Still posing, she tilted her head as though listening for Twisted Lizard Lagoon’s namesake monster to awaken. But the monster wasn’t real — or so she was told — and she heard only the gentle drone of insects and the whisper of follow-fish breaking the surface as they watched her, curious.

Any creature smarter than a follow-fish might realize Cynthia was playing another of her games. In this case,  she wanted to make as few ripples as possible when stepping into the lagoon’s diamond-clear water. She loved turning everyday actions into games. Most Riksids, and certainly all humans, would take one look at her womanly curves and assume she was too old for silly games.

She played them anyway.

In a couple of paragraphs, the hero makes his appearance and all hell breaks loose, so this is the calm before the storm. Don’t worry about terms like ‘follow-fish,’ and ’tilm.’ It’s a sci fi adventure, and I made these throw-away terms up to create a sense of otherworldliness.

‘Riksids’ are the aliens who inhabit this planet, so readers will hear a lot more about them. I’m not wedded to that name. Any of you have opinions about the name?

What do you think? Do you get a sense of Cynthia’s personality? Be sure to check out the book hooks by other great writers in the Book Hooks blog hop.



  1. Didn’t mind the odd terms. Actually thought they were cute. This is a calm scene.

    1. Calm and playful, sort of bucolic — that’s what I was aiming for.

  2. I like that the unusual names were simple and not too hard to pronounce. I’m debating whether I would tend to see Riksids as Riskids.

    1. Easy pronunciation is a major aim of mine. According to one survey I read the #1 thing holding readers back from reading fantasy (which, admittedly, tends to be noticeably worse than sci-fi for weird names) is distaste for unpronounceable names.

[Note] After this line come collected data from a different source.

lemma chart_in_Qpts: "chart n i p \<in> Qpts n"
  unfolding chart_def Qpts_def by (rule quotientI) simp

lemma Qpts_obtain_chart:
  assumes "x \<in> Qpts n"
  obtains i t u v where "x = chart n i (t,u,v)"
  using assms unfolding chart_def Qpts_def by (auto elim!: quotientE)

lemma chart_Q1_eq_Q0:
  assumes s: "s \<noteq> 0"
  shows "chart n True (s,a,b) = chart n False (1/s, s^(n+2)*a - s^(n+1)*b^n, s*b)"
proof -
  have "glue n (1/s, s^(n+2)*a - s^(n+1)*b^n, s*b) = (s,a,b)"
    using s by (simp add: glue_def field_simps power_mult_distrib)
  then show ?thesis using s by (intro chart_eqI) (auto simp: Qrel_def)
qed

lemma psi_rep_respects_Qrel:
  assumes "(a, b) \<in> Qrel n"
  shows "psi_rep n (fst a) (snd a) = psi_rep n (fst b) (snd b)"
proof -
  have glued: "psi_rep n True (glue n p) = psi_rep n False p" if "fst p \<noteq> 0" for p
    using psi_rep_glue that by (cases p) auto
  show ?thesis using assms glued[of "snd a"] glued[of "snd b"] unfolding Qrel_def by auto
qed

lemma psi_chart: "psi n (chart n i p) = psi_rep n i p"
proof -
  define r where "r = (SOME r. r \<in> chart n i p)"
  have "(i,p) \<in> chart n i p" unfolding chart_def Qrel_def by simp
  then have "r \<in> chart n i p" unfolding r_def by (rule someI)
  then have "((i,p), r) \<in> Qrel n" unfolding chart_def by simp
  then have "psi_rep n i p = psi_rep n (fst r) (snd r)" using psi_rep_respects_Qrel by fastforce
  then show ?thesis unfolding psi_def r_def[symmetric] by (cases r) simp
qed

lemma Phat_eqs:
  assumes "y \<in> Phat n"
  shows "\<And>k. k \<ge> n + 5 \<Longrightarrow> y k = 0"
    and "\<And>i j k l. i \<le> n + 1 \<Longrightarrow> j \<le> n + 1 \<Longrightarrow> k \<le> n + 1 \<Longrightarrow> l \<le> n + 1 \<Longrightarrow> i + j = k + l
           \<Longrightarrow> y (2 + i) * y (2 + j) = y (2 + k) * y (2 + l)"
    and "\<And>i. i \<le> n \<Longrightarrow> y 0 * y (2 + (i + 1)) = y 1 * y (2 + i)"
    and "\<And>i. i \<le> n \<Longrightarrow> y (n + 4) * y (2 + i) + y 1 ^ n * y (2 + (i + 1))
                 = y (2 + (i + 1)) * y (2 + (n + 1))"
    and "y (n + 4) * y 0 + y 1 ^ (n + 1) = y 1 * y (2 + (n + 1))"
  using assms unfolding Phat_def by blast+

text \<open>On each chart the equations become identities between monomials in the chart
  coordinates.\<close>

lemma psi_rep_Q0_in_Phat: "psi_rep n False (t,u,v) \<in> Phat n"
proof -
  define x where "x = psi_rep n False (t,u,v)"
  define w where "w = t * u + v ^ n"
  have Y: "x (2 + i) = t ^ (n + 1 - i) * w" if "i \<le> n + 1" for i
    unfolding x_def w_def using psi_rep_Q0(3)[OF that] .
  have X0: "x 0 = t * v" and X1: "x 1 = v" and Z: "x (n + 4) = u"
    and pad: "\<And>k. k \<ge> n + 5 \<Longrightarrow> x k = 0"
    unfolding x_def using psi_rep_Q0 by auto
  have "x \<in> Phat n"
    unfolding Phat_def mem_Collect_eq
  proof (intro conjI allI impI)
    show "x k = 0" if "n + 5 \<le> k" for k using pad that .
    fix i j k l assume h: "i \<le> n + 1 \<and> j \<le> n + 1 \<and> k \<le> n + 1 \<and> l \<le> n + 1 \<and> i + j = k + l"
    then have "(n + 1 - i) + (n + 1 - j) = (n + 1 - k) + (n + 1 - l)" by linarith
    then have ee: "t ^ (n + 1 - i) * t ^ (n + 1 - j) = t ^ (n + 1 - k) * t ^ (n + 1 - l)"
      by (simp only: flip: power_add)
    have "x (2 + i) * x (2 + j) = (t ^ (n + 1 - i) * t ^ (n + 1 - j)) * (w * w)"
      using h by (simp only: Y mult_ac)
    also have "\<dots> = x (2 + k) * x (2 + l)"
      using h by (simp only: ee Y mult_ac)
    finally show "x (2 + i) * x (2 + j) = x (2 + k) * x (2 + l)" .
  next
    fix i assume i: "i \<le> n"
    then have "n + 1 - i = Suc (n - i)" by linarith
    then have Yi: "x (2 + i) = t * (t ^ (n - i) * w)" using Y[of i] i by simp
    have Yi1: "x (2 + (i + 1)) = t ^ (n - i) * w" using Y[of "i + 1"] i by simp
    have Yn: "x (2 + (n + 1)) = w" using Y[of "n + 1"] by simp
    show "x 0 * x (2 + (i + 1)) = x 1 * x (2 + i)"
      unfolding X0 X1 Yi Yi1 by (simp add: algebra_simps)
    show "x (n + 4) * x (2 + i) + x 1 ^ n * x (2 + (i + 1)) = x (2 + (i + 1)) * x (2 + (n + 1))"
      unfolding Z X1 Yi Yi1 Yn by (simp add: w_def algebra_simps)
  next
    show "x (n + 4) * x 0 + x 1 ^ (n + 1) = x 1 * x (2 + (n + 1))"
      unfolding Z X0 X1 using Y[of "n + 1"] by (simp add: w_def algebra_simps)
  qed
  then show ?thesis unfolding x_def .
qed

lemma psi_rep_Q1_in_Phat: "psi_rep n True (s,a,b) \<in> Phat n"
proof -
  define x where "x = psi_rep n True (s,a,b)"
  have Y: "x (2 + i) = s ^ i * a" if "i \<le> n + 1" for i
    unfolding x_def using psi_rep_Q1(3)[OF that] .
  have X0: "x 0 = b" and X1: "x 1 = s * b" and Z: "x (n + 4) = s^(n+2) * a - s^(n+1) * b^n"
    and pad: "\<And>k. k \<ge> n + 5 \<Longrightarrow> x k = 0"
    unfolding x_def using psi_rep_Q1 by auto
  have "x \<in> Phat n"
    unfolding Phat_def mem_Collect_eq
  proof (intro conjI allI impI)
    show "x k = 0" if "n + 5 \<le> k" for k using pad that .
    fix i j k l assume h: "i \<le> n + 1 \<and> j \<le> n + 1 \<and> k \<le> n + 1 \<and> l \<le> n + 1 \<and> i + j = k + l"
    then have ee: "s ^ i * s ^ j = s ^ k * s ^ l" by (simp only: flip: power_add)
    have "x (2 + i) * x (2 + j) = (s ^ i * s ^ j) * (a * a)"
      using h by (simp only: Y mult_ac)
    also have "\<dots> = x (2 + k) * x (2 + l)"
      using h by (simp only: ee Y mult_ac)
    finally show "x (2 + i) * x (2 + j) = x (2 + k) * x (2 + l)" .
  next
    fix i assume i: "i \<le> n"
    have Yi: "x (2 + i) = s ^ i * a" and Yi1: "x (2 + (i + 1)) = s ^ (i + 1) * a"
      and Yn: "x (2 + (n + 1)) = s ^ (n + 1) * a" using Y i by simp_all
    show "x 0 * x (2 + (i + 1)) = x 1 * x (2 + i)"
      unfolding X0 X1 Yi Yi1 by (simp add: algebra_simps)
    show "x (n + 4) * x (2 + i) + x 1 ^ n * x (2 + (i + 1)) = x (2 + (i + 1)) * x (2 + (n + 1))"
      unfolding Z X1 Yi Yi1 Yn by (simp add: algebra_simps power_add power_mult_distrib)
  next
    show "x (n + 4) * x 0 + x 1 ^ (n + 1) = x 1 * x (2 + (n + 1))"
      unfolding Z X0 X1 using Y[of "n + 1"] by (simp add: algebra_simps power_mult_distrib)
  qed
  then show ?thesis unfolding x_def .
qed

lemma psi_in_Phat:
  assumes "x \<in> Qpts n"
  shows "psi n x \<in> Phat n"
proof -
  obtain i t u v where "x = chart n i (t,u,v)" using Qpts_obtain_chart[OF assms] .
  then show ?thesis using psi_rep_Q0_in_Phat psi_rep_Q1_in_Phat
    by (cases i) (simp_all add: psi_chart)
qed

      For years now I’ve kept a file of made up names as they occur to me. When I need a new name I consult my file, but I’ll only use one if it still seems easy to pronounce well after the day I thought of it.

  3. I thought it was slightly odd that an alien had such a earth-like name.

    But I did get a sense of Cynthia as playful and a bit contrary.

    1. The name is supposed to be a clue that she’s a human living on an alien world.